section \<open>Integrals of continuous functions against finite measures\<close>

lemma set_integrable_continuous_on_compact:
  fixes f :: "'a::t2_space \<Rightarrow> real"
  assumes "finite_measure M" "sets M = sets borel" "compact J" "continuous_on J f"
  shows "set_integrable M J f"
proof -
  interpret finite_measure M by fact
  have "(\<lambda>t. indicator J t *\<^sub>R f t) \<in> borel_measurable M"
    using borel_measurable_continuous_on_indicator[of J f] assms compact_imp_closed[OF assms(3)]
    by (simp add: measurable_cong_sets[OF assms(2) refl])
  moreover obtain B where "B \<ge> 0" "\<And>t. t \<in> J \<Longrightarrow> norm (f t) \<le> B"
    using continuous_on_compact_bound[OF assms(3,4)] by blast
  then have "AE t in M. norm (indicator J t *\<^sub>R f t) \<le> B"
    by (auto simp: indicator_def)
  ultimately show ?thesis
    unfolding set_integrable_def by (rule integrable_const_bound[rotated])
qed

lemma abs_integral_le_integral:
  fixes f g :: "'a \<Rightarrow> real"
  assumes "integrable M f" "integrable M g" "\<And>x. x \<in> space M \<Longrightarrow> \<bar>f x\<bar> \<le> g x"
  shows "\<bar>integral\<^sup>L M f\<bar> \<le> integral\<^sup>L M g"
proof -
  have "\<bar>integral\<^sup>L M f\<bar> \<le> (\<integral>x. \<bar>f x\<bar> \<partial>M)"
    using integral_norm_bound[of M f] by simp
  also have "\<dots> \<le> integral\<^sup>L M g"
    using assms by (intro integral_mono) auto
  finally show ?thesis .
qed
lemma dist_less_card:
  assumes "walk V E xs" "set xs \<subseteq> S" "finite S"
  shows "dist V E (hd xs) (last xs) < card S"
proof -
  obtain ys where ys: "walk V E ys" "distinct ys" "set ys \<subseteq> set xs" "hd ys = hd xs" "last ys = last xs"
    using assms(1) by (rule obtain_distinct_walk)
  have "dist V E (hd xs) (last xs) < length ys"
    using dist_le_length[OF ys(1)] ys(1,4,5) by (cases ys) (auto simp: walk_def)
  also have "\<dots> = card (set ys)"
    using ys(2) by (simp add: distinct_card)
  also have "\<dots> \<le> card S"
    using ys(3) assms(2,3) by (intro card_mono) auto
  finally show ?thesis .
qed

lemma card_change_steps_le_total_increase:
  fixes f :: "nat \<Rightarrow> 'b \<Rightarrow> int"
  assumes "finite S" and mono: "\<And>i s. i < m \<Longrightarrow> s \<in> S \<Longrightarrow> f i s \<le> f (Suc i) s"
  shows "int (card {i. i < m \<and> (\<exists>s\<in>S. f i s \<noteq> f (Suc i) s)}) \<le> (\<Sum>s\<in>S. f m s - f 0 s)"
  using mono
proof (induction m)
  case 0
  then show ?case by simp
next
  case (Suc m)
  let ?changes = "\<lambda>m. {i. i < m \<and> (\<exists>s\<in>S. f i s \<noteq> f (Suc i) s)}"
  let ?increase = "\<Sum>s\<in>S. f (Suc m) s - f m s"
  have IH: "int (card (?changes m)) \<le> (\<Sum>s\<in>S. f m s - f 0 s)"
    using Suc by simp
  have total: "(\<Sum>s\<in>S. f (Suc m) s - f 0 s) = (\<Sum>s\<in>S. f m s - f 0 s) + ?increase"
    by (simp add: sum.distrib[symmetric])
  have step_nonneg: "0 \<le> f (Suc m) s - f m s" if "s \<in> S" for s
    using Suc.prems that by simp
  show ?case
  proof (cases "\<exists>s\<in>S. f m s \<noteq> f (Suc m) s")
    case True
    then obtain s where s: "s \<in> S" "f m s \<noteq> f (Suc m) s" by blast
    have "1 \<le> f (Suc m) s - f m s"
      using s step_nonneg by force
    also have "\<dots> \<le> ?increase"
      using s assms(1) step_nonneg by (intro member_le_sum) auto
    finally have "1 \<le> ?increase" .
    moreover have "?changes (Suc m) = insert m (?changes m)"
      using True by auto
    ultimately show ?thesis
      using IH total by simp
  next
    case False
    then have "?changes (Suc m) = ?changes m"
      using less_Suc_eq by auto
    moreover have "0 \<le> ?increase"
      using step_nonneg by (intro sum_nonneg) auto
    ultimately show ?thesis
      using IH total by simp
  qed
qed

locale shortest_path_to_connected_set =
  fixes V :: "'a set" and E :: "'a \<Rightarrow> 'a \<Rightarrow> bool" and R :: "'a set" and v0 :: 'a and P :: "'a list"
  assumes shortest_path: "shortest_path_to V E R v0 P"
    and connected: "connected_set V E R"
begin

abbreviation profile :: "nat \<Rightarrow> 'a \<Rightarrow> int" where
  "profile i \<equiv> prof V E R (last P) (P ! i)"

lemma walk_P: "walk V E P"
  using shortest_path by (simp add: shortest_path_to_def)

lemma P_nonempty: "P \<noteq> []"
  using walk_P by (simp add: walk_def)

lemma hd_P: "hd P = v0"
  using shortest_path by (simp add: shortest_path_to_def)

lemma length_le_walk_to_R: "walk V E W \<Longrightarrow> hd W = v0 \<Longrightarrow> last W \<in> R \<Longrightarrow> length P \<le> length W"
  using shortest_path by (simp add: shortest_path_to_def)

lemma last_P_in_R: "last P \<in> R"
  using shortest_path by (simp add: shortest_path_to_def)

.....

## What is required
Using the records above, repeat exactly the lines from the first one through the line with "xs) < length".

## Solved problem
section \<open>Integrals of continuous functions against finite measures\<close>

lemma set_integrable_continuous_on_compact:
  fixes f :: "'a::t2_space \<Rightarrow> real"
  assumes "finite_measure M" "sets M = sets borel" "compact J" "continuous_on J f"
  shows "set_integrable M J f"
proof -
  interpret finite_measure M by fact
  have "(\<lambda>t. indicator J t *\<^sub>R f t) \<in> borel_measurable M"
    using borel_measurable_continuous_on_indicator[of J f] assms compact_imp_closed[OF assms(3)]
    by (simp add: measurable_cong_sets[OF assms(2) refl])
  moreover obtain B where "B \<ge> 0" "\<And>t. t \<in> J \<Longrightarrow> norm (f t) \<le> B"
    using continuous_on_compact_bound[OF assms(3,4)] by blast
  then have "AE t in M. norm (indicator J t *\<^sub>R f t) \<le> B"
    by (auto simp: indicator_def)
  ultimately show ?thesis
    unfolding set_integrable_def by (rule integrable_const_bound[rotated])
qed

lemma abs_integral_le_integral:
  fixes f g :: "'a \<Rightarrow> real"
  assumes "integrable M f" "integrable M g" "\<And>x. x \<in> space M \<Longrightarrow> \<bar>f x\<bar> \<le> g x"
  shows "\<bar>integral\<^sup>L M f\<bar> \<le> integral\<^sup>L M g"
proof -
  have "\<bar>integral\<^sup>L M f\<bar> \<le> (\<integral>x. \<bar>f x\<bar> \<partial>M)"
    using integral_norm_bound[of M f] by simp
  also have "\<dots> \<le> integral\<^sup>L M g"
    using assms by (intro integral_mono) auto
  finally show ?thesis .
qed
lemma dist_less_card:
  assumes "walk V E xs" "set xs \<subseteq> S" "finite S"
  shows "dist V E (hd xs) (last xs) < card S"
proof -
  obtain ys where ys: "walk V E ys" "distinct ys" "set ys \<subseteq> set xs" "hd ys = hd xs" "last ys = last xs"
    using assms(1) by (rule obtain_distinct_walk)
  have "dist V E (hd xs) (last xs) < length ys"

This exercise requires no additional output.